Exercise description —
Search the entries for the word "stabiliser". Copy every line where it turns up.

Information given —
"""

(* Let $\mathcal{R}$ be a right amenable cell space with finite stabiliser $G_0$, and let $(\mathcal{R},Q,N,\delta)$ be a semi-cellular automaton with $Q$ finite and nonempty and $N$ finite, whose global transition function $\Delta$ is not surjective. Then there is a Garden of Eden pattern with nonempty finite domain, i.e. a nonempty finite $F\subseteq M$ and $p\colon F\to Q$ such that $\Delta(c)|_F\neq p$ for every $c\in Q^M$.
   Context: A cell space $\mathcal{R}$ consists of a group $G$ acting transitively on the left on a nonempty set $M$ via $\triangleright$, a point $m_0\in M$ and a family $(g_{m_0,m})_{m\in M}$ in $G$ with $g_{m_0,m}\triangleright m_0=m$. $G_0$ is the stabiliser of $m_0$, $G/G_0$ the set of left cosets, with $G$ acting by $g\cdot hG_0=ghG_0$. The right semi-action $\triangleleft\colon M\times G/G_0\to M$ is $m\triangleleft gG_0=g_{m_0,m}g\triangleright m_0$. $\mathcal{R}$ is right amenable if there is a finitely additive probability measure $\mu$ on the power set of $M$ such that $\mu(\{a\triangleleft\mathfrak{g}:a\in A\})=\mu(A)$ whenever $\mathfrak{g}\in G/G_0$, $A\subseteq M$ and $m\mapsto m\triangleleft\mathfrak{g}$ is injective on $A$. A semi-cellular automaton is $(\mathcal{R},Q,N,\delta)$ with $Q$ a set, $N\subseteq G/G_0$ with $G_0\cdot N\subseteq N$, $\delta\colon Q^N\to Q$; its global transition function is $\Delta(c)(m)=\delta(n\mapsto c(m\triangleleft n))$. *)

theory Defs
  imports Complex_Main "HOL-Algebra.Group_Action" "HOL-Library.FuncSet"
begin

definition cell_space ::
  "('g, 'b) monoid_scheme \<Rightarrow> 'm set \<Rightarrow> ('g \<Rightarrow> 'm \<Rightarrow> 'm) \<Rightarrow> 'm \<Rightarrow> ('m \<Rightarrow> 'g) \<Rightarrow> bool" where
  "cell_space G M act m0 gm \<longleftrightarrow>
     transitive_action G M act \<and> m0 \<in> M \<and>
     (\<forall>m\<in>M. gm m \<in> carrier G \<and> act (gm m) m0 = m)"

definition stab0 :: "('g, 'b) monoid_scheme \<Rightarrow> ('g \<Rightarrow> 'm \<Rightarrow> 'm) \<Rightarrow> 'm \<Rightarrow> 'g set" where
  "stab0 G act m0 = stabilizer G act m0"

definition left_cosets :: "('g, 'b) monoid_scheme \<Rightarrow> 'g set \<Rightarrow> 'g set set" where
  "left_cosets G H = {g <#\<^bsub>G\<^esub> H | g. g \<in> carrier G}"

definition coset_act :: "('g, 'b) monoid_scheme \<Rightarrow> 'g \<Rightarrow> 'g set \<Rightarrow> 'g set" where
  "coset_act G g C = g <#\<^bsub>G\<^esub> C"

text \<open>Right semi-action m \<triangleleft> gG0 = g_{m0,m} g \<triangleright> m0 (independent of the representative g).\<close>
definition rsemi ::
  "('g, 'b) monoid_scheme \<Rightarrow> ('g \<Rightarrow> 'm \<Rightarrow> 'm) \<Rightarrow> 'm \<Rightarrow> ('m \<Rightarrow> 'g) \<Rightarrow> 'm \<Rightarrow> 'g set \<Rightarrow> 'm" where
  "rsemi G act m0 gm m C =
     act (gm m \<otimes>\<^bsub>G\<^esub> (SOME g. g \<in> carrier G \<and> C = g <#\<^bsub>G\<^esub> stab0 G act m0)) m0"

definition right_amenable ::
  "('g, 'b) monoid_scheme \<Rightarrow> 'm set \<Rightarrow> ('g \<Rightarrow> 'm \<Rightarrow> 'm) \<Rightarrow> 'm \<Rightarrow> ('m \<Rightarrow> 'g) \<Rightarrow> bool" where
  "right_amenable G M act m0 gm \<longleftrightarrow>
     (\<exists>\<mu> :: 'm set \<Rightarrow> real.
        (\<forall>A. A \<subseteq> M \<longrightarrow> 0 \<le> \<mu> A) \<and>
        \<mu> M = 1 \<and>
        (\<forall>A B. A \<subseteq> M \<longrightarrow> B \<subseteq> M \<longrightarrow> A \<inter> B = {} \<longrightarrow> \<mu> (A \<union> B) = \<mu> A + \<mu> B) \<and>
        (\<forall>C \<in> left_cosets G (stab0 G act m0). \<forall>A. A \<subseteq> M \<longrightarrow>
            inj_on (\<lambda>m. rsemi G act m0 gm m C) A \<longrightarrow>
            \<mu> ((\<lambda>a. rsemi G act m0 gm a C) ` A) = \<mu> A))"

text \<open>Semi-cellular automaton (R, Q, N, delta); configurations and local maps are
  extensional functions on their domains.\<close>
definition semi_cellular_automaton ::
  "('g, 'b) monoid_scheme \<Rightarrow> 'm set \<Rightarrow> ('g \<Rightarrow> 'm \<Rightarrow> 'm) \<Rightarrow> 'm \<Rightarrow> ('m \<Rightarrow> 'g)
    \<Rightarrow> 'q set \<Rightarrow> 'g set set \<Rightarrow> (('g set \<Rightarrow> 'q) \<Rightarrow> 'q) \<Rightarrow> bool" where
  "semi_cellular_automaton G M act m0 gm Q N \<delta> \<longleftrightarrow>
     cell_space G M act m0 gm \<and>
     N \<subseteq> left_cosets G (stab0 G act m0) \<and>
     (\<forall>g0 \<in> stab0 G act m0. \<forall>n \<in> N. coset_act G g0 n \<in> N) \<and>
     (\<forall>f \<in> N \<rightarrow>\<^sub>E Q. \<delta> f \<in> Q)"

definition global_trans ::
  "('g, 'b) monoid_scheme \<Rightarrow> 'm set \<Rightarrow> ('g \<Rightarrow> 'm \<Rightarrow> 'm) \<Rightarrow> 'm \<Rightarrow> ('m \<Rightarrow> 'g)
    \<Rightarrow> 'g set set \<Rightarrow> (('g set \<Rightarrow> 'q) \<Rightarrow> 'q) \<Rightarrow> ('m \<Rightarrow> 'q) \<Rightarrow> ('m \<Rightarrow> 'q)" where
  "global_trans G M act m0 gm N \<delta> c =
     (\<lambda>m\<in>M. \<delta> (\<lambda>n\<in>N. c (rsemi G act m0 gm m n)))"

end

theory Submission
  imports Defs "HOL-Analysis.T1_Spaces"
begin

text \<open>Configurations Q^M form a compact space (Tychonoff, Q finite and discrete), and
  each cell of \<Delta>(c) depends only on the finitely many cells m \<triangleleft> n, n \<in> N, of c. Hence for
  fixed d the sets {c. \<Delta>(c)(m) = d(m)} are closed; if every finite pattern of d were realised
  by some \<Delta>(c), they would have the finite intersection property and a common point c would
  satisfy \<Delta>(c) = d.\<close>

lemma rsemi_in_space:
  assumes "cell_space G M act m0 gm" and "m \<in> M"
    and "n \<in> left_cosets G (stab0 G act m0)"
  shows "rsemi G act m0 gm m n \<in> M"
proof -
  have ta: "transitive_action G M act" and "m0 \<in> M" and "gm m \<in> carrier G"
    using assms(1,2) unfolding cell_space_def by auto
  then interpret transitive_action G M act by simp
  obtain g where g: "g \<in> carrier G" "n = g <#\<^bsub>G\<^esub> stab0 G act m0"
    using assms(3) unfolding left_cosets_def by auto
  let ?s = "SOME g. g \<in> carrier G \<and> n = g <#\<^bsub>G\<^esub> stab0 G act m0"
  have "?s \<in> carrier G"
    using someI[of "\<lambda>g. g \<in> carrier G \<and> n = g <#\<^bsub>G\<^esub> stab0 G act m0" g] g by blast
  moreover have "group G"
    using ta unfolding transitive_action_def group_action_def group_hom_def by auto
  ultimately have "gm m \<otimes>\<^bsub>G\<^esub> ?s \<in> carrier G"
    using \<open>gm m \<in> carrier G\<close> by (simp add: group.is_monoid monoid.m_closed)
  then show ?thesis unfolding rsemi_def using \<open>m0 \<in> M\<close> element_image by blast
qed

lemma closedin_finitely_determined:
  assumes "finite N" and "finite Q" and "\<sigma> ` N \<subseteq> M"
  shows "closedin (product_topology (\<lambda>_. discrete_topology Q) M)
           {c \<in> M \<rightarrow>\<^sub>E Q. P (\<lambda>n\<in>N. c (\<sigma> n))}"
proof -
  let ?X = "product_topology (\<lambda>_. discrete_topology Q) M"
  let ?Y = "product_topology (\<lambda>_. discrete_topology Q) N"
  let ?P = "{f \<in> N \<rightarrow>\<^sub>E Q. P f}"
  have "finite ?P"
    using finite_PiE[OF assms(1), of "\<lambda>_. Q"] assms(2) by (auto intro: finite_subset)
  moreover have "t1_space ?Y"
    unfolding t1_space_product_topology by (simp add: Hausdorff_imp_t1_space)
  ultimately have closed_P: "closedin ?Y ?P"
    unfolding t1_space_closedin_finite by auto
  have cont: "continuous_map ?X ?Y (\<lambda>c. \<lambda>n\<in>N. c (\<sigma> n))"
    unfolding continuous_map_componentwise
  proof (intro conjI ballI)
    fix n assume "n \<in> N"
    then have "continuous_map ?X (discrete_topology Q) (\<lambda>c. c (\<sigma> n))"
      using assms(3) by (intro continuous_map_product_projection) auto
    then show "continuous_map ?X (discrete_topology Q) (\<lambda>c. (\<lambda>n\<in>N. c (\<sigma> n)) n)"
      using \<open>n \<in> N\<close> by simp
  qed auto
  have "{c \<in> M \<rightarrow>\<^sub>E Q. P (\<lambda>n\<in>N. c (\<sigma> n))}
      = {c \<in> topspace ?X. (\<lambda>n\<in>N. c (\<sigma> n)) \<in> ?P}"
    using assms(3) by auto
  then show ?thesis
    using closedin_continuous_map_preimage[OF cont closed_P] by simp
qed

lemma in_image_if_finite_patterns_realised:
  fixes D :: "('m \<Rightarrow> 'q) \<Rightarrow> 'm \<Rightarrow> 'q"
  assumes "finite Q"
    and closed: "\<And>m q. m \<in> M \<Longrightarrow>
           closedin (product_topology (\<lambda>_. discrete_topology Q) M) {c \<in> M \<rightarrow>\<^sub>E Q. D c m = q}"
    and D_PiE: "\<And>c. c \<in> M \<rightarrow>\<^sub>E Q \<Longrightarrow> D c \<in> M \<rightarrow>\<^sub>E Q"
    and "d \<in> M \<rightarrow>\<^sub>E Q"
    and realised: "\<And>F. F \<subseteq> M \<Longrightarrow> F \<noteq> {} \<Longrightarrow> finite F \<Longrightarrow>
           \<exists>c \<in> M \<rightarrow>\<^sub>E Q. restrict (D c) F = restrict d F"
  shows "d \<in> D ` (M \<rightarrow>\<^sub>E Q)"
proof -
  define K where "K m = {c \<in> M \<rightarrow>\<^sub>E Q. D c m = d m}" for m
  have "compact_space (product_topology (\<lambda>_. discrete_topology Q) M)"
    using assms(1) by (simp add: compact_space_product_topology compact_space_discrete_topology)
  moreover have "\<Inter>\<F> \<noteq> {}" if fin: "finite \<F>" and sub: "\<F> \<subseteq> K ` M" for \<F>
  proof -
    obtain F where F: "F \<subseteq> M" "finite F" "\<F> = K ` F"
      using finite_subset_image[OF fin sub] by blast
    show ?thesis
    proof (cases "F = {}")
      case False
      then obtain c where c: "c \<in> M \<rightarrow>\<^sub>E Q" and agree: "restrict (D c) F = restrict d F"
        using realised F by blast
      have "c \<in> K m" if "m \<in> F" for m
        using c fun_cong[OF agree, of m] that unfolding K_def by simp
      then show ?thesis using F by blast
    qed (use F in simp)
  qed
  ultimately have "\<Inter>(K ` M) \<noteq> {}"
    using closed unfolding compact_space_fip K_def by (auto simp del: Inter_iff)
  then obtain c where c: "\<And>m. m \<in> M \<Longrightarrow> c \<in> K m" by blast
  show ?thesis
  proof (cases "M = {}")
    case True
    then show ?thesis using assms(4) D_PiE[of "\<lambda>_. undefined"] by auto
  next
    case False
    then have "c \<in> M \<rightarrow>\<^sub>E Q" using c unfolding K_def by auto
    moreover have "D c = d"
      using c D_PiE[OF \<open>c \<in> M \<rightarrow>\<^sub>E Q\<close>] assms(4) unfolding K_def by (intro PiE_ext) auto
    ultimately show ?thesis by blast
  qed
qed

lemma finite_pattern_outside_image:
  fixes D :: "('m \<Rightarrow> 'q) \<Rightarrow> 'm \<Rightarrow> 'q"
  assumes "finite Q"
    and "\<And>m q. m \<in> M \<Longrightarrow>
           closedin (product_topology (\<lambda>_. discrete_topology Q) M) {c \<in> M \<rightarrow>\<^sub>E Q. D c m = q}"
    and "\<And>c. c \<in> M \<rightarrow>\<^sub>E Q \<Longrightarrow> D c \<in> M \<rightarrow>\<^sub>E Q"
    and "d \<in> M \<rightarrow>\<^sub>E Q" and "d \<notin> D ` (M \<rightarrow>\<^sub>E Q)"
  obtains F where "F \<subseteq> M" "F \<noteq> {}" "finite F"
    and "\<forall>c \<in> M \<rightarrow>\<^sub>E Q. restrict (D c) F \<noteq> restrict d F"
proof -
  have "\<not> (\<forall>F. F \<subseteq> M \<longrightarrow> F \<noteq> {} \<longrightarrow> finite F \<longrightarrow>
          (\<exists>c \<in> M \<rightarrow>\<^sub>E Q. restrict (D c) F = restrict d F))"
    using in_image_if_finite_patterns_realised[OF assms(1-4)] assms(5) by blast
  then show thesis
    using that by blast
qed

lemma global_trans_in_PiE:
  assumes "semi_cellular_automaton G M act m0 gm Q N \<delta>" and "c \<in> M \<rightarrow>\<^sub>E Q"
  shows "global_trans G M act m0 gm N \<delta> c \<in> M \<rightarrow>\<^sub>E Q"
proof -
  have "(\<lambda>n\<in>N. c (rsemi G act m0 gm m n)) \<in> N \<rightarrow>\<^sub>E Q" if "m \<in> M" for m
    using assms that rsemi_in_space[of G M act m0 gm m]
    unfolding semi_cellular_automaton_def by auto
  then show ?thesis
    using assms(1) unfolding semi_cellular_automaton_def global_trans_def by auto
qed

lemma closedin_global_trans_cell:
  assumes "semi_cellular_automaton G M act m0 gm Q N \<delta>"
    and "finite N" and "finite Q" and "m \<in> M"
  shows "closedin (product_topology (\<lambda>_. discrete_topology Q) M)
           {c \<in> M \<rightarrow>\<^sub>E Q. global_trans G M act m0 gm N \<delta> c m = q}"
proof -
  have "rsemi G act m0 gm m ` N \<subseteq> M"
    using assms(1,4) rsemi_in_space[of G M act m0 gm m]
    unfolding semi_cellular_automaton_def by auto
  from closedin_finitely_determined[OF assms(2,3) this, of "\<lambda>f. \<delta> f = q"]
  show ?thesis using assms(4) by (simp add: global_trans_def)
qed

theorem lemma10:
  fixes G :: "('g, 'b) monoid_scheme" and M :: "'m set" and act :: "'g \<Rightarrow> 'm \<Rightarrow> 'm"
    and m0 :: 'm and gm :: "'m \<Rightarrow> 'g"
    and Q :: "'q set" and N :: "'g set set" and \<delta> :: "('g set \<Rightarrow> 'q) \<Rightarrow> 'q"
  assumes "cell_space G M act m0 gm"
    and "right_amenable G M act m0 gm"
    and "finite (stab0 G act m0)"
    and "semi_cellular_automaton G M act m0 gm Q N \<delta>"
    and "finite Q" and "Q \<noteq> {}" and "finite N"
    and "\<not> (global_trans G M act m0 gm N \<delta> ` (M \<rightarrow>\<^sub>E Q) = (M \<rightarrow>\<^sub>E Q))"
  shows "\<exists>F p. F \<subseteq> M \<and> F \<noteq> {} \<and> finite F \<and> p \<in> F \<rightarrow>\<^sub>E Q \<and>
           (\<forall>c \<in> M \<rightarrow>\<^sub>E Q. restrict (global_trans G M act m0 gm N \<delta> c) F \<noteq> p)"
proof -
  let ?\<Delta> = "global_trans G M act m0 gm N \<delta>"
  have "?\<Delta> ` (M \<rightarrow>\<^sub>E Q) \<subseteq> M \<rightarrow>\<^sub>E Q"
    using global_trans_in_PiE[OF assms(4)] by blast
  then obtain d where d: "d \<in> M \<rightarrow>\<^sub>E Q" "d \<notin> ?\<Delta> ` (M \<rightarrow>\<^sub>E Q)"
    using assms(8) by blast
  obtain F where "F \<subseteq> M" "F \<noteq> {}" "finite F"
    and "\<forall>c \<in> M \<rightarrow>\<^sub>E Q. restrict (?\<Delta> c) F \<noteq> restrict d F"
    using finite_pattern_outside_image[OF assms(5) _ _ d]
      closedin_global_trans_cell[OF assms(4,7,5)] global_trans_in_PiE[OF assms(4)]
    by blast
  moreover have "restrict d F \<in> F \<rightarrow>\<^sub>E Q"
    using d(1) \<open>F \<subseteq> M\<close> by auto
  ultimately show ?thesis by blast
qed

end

"""

Answer to this exercise —
(* Let $\mathcal{R}$ be a right amenable cell space with finite stabiliser $G_0$, and let $(\mathcal{R},Q,N,\delta)$ be a semi-cellular automaton with $Q$ finite and nonempty and $N$ finite, whose global transition function $\Delta$ is not surjective. Then there is a Garden of Eden pattern with nonempty finite domain, i.e. a nonempty finite $F\subseteq M$ and $p\colon F\to Q$ such that $\Delta(c)|_F\neq p$ for every $c\in Q^M$.
   Context: A cell space $\mathcal{R}$ consists of a group $G$ acting transitively on the left on a nonempty set $M$ via $\triangleright$, a point $m_0\in M$ and a family $(g_{m_0,m})_{m\in M}$ in $G$ with $g_{m_0,m}\triangleright m_0=m$. $G_0$ is the stabiliser of $m_0$, $G/G_0$ the set of left cosets, with $G$ acting by $g\cdot hG_0=ghG_0$. The right semi-action $\triangleleft\colon M\times G/G_0\to M$ is $m\triangleleft gG_0=g_{m_0,m}g\triangleright m_0$. $\mathcal{R}$ is right amenable if there is a finitely additive probability measure $\mu$ on the power set of $M$ such that $\mu(\{a\triangleleft\mathfrak{g}:a\in A\})=\mu(A)$ whenever $\mathfrak{g}\in G/G_0$, $A\subseteq M$ and $m\mapsto m\triangleleft\mathfrak{g}$ is injective on $A$. A semi-cellular automaton is $(\mathcal{R},Q,N,\delta)$ with $Q$ a set, $N\subseteq G/G_0$ with $G_0\cdot N\subseteq N$, $\delta\colon Q^N\to Q$; its global transition function is $\Delta(c)(m)=\delta(n\mapsto c(m\triangleleft n))$. *)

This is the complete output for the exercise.